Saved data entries
•••

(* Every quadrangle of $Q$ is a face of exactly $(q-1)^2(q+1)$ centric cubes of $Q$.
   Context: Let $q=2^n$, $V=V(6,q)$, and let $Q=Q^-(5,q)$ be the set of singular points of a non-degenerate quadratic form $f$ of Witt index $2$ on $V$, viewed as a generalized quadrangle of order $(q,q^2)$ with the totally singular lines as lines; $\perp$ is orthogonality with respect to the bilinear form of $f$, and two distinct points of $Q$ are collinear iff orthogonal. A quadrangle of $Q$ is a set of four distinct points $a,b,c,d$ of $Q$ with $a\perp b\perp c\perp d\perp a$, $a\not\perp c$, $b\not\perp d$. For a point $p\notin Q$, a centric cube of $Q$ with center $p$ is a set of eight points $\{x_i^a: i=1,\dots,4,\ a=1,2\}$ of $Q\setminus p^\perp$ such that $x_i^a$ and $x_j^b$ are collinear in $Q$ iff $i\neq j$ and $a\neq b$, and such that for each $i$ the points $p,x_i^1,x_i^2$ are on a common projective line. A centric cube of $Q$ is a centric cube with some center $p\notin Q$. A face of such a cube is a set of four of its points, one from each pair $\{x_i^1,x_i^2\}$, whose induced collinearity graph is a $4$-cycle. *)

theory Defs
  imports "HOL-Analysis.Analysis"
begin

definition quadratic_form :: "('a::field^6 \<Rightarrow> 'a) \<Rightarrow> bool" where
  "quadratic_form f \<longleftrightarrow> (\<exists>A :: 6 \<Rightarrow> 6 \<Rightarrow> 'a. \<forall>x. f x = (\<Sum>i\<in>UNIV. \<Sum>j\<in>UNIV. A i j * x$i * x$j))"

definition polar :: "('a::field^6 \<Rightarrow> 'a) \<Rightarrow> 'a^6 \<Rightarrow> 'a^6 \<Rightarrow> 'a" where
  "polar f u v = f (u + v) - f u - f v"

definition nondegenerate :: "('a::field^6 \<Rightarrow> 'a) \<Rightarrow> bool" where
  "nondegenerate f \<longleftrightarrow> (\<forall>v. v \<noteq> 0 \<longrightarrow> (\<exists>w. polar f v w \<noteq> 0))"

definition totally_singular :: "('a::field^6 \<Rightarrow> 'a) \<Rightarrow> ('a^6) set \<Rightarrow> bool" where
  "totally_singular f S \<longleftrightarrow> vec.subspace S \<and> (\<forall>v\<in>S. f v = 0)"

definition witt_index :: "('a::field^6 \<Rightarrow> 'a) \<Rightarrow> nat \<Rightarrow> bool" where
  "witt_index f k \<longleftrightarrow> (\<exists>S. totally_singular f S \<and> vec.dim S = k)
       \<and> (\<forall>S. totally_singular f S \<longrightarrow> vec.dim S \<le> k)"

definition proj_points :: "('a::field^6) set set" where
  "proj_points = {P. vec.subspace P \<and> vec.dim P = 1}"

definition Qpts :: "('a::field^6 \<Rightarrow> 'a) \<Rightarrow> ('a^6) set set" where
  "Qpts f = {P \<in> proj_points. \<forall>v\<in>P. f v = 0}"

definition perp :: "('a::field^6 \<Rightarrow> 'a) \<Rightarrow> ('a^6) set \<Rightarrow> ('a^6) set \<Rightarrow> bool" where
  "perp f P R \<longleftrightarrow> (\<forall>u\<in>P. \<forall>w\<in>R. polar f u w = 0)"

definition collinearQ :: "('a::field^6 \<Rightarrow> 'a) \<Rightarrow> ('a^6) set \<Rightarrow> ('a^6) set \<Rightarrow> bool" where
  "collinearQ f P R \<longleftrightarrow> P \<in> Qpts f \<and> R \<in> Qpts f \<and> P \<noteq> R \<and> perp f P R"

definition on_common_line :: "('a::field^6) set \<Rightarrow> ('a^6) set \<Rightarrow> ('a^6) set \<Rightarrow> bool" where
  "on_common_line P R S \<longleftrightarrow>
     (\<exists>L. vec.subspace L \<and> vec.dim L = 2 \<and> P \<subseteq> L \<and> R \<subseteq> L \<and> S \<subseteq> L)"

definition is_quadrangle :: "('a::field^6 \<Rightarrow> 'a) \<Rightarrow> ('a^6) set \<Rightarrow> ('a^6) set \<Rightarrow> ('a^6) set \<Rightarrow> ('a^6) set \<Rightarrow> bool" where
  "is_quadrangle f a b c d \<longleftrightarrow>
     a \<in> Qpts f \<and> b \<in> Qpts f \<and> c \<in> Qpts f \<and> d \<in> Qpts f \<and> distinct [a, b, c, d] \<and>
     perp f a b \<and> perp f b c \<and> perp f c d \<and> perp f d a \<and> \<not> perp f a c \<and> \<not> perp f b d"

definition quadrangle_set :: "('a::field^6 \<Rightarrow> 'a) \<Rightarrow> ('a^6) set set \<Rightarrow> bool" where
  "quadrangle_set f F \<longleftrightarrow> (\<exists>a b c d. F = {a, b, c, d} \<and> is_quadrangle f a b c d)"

•••

(What you need to do):
Repeat every record, exactly as written.

(Response below):
(* Every quadrangle of $Q$ is a face of exactly $(q-1)^2(q+1)$ centric cubes of $Q$.
   Context: Let $q=2^n$, $V=V(6,q)$, and let $Q=Q^-(5,q)$ be the set of singular points of a non-degenerate quadratic form $f$ of Witt index $2$ on $V$, viewed as a generalized quadrangle of order $(q,q^2)$ with the totally singular lines as lines; $\perp$ is orthogonality with respect to the bilinear form of $f$, and two distinct points of $Q$ are collinear iff orthogonal. A quadrangle of $Q$ is a set of four distinct points $a,b,c,d$ of $Q$ with $a\perp b\perp c\perp d\perp a$, $a\not\perp c$, $b\not\perp d$. For a point $p\notin Q$, a centric cube of $Q$ with center $p$ is a set of eight points $\{x_i^a: i=1,\dots,4,\ a=1,2\}$ of $Q\setminus p^\perp$ such that $x_i^a$ and $x_j^b$ are collinear in $Q$ iff $i\neq j$ and $a\neq b$, and such that for each $i$ the points $p,x_i^1,x_i^2$ are on a common projective line. A centric cube of $Q$ is a centric cube with some center $p\notin Q$. A face of such a cube is a set of four of its points, one from each pair $\{x_i^1,x_i^2\}$, whose induced collinearity graph is a $4$-cycle. *)

theory Defs
  imports "HOL-Analysis.Analysis"
begin

definition quadratic_form :: "('a::field^6 \<Rightarrow> 'a) \<Rightarrow> bool" where
  "quadratic_form f \<longleftrightarrow> (\<exists>A :: 6 \<Rightarrow> 6 \<Rightarrow> 'a. \<forall>x. f x = (\<Sum>i\<in>UNIV. \<Sum>j\<in>UNIV. A i j * x$i * x$j))"

definition polar :: "('a::field^6 \<Rightarrow> 'a) \<Rightarrow> 'a^6 \<Rightarrow> 'a^6 \<Rightarrow> 'a" where
  "polar f u v = f (u + v) - f u - f v"

definition nondegenerate :: "('a::field^6 \<Rightarrow> 'a) \<Rightarrow> bool" where
  "nondegenerate f \<longleftrightarrow> (\<forall>v. v \<noteq> 0 \<longrightarrow> (\<exists>w. polar f v w \<noteq> 0))"

definition totally_singular :: "('a::field^6 \<Rightarrow> 'a) \<Rightarrow> ('a^6) set \<Rightarrow> bool" where
  "totally_singular f S \<longleftrightarrow> vec.subspace S \<and> (\<forall>v\<in>S. f v = 0)"

definition witt_index :: "('a::field^6 \<Rightarrow> 'a) \<Rightarrow> nat \<Rightarrow> bool" where
  "witt_index f k \<longleftrightarrow> (\<exists>S. totally_singular f S \<and> vec.dim S = k)
       \<and> (\<forall>S. totally_singular f S \<longrightarrow> vec.dim S \<le> k)"

definition proj_points :: "('a::field^6) set set" where
  "proj_points = {P. vec.subspace P \<and> vec.dim P = 1}"

definition Qpts :: "('a::field^6 \<Rightarrow> 'a) \<Rightarrow> ('a^6) set set" where
  "Qpts f = {P \<in> proj_points. \<forall>v\<in>P. f v = 0}"

definition perp :: "('a::field^6 \<Rightarrow> 'a) \<Rightarrow> ('a^6) set \<Rightarrow> ('a^6) set \<Rightarrow> bool" where
  "perp f P R \<longleftrightarrow> (\<forall>u\<in>P. \<forall>w\<in>R. polar f u w = 0)"

definition collinearQ :: "('a::field^6 \<Rightarrow> 'a) \<Rightarrow> ('a^6) set \<Rightarrow> ('a^6) set \<Rightarrow> bool" where
  "collinearQ f P R \<longleftrightarrow> P \<in> Qpts f \<and> R \<in> Qpts f \<and> P \<noteq> R \<and> perp f P R"

definition on_common_line :: "('a::field^6) set \<Rightarrow> ('a^6) set \<Rightarrow> ('a^6) set \<Rightarrow> bool" where
  "on_common_line P R S \<longleftrightarrow>
     (\<exists>L. vec.subspace L \<and> vec.dim L = 2 \<and> P \<subseteq> L \<and> R \<subseteq> L \<and> S \<subseteq> L)"

definition is_quadrangle :: "('a::field^6 \<Rightarrow> 'a) \<Rightarrow> ('a^6) set \<Rightarrow> ('a^6) set \<Rightarrow> ('a^6) set \<Rightarrow> ('a^6) set \<Rightarrow> bool" where
  "is_quadrangle f a b c d \<longleftrightarrow>
     a \<in> Qpts f \<and> b \<in> Qpts f \<and> c \<in> Qpts f \<and> d \<in> Qpts f \<and> distinct [a, b, c, d] \<and>
     perp f a b \<and> perp f b c \<and> perp f c d \<and> perp f d a \<and> \<not> perp f a c \<and> \<not> perp f b d"

definition quadrangle_set :: "('a::field^6 \<Rightarrow> 'a) \<Rightarrow> ('a^6) set set \<Rightarrow> bool" where
  "quadrangle_set f F \<longleftrightarrow> (\<exists>a b c d. F = {a, b, c, d} \<and> is_quadrangle f a b c d)"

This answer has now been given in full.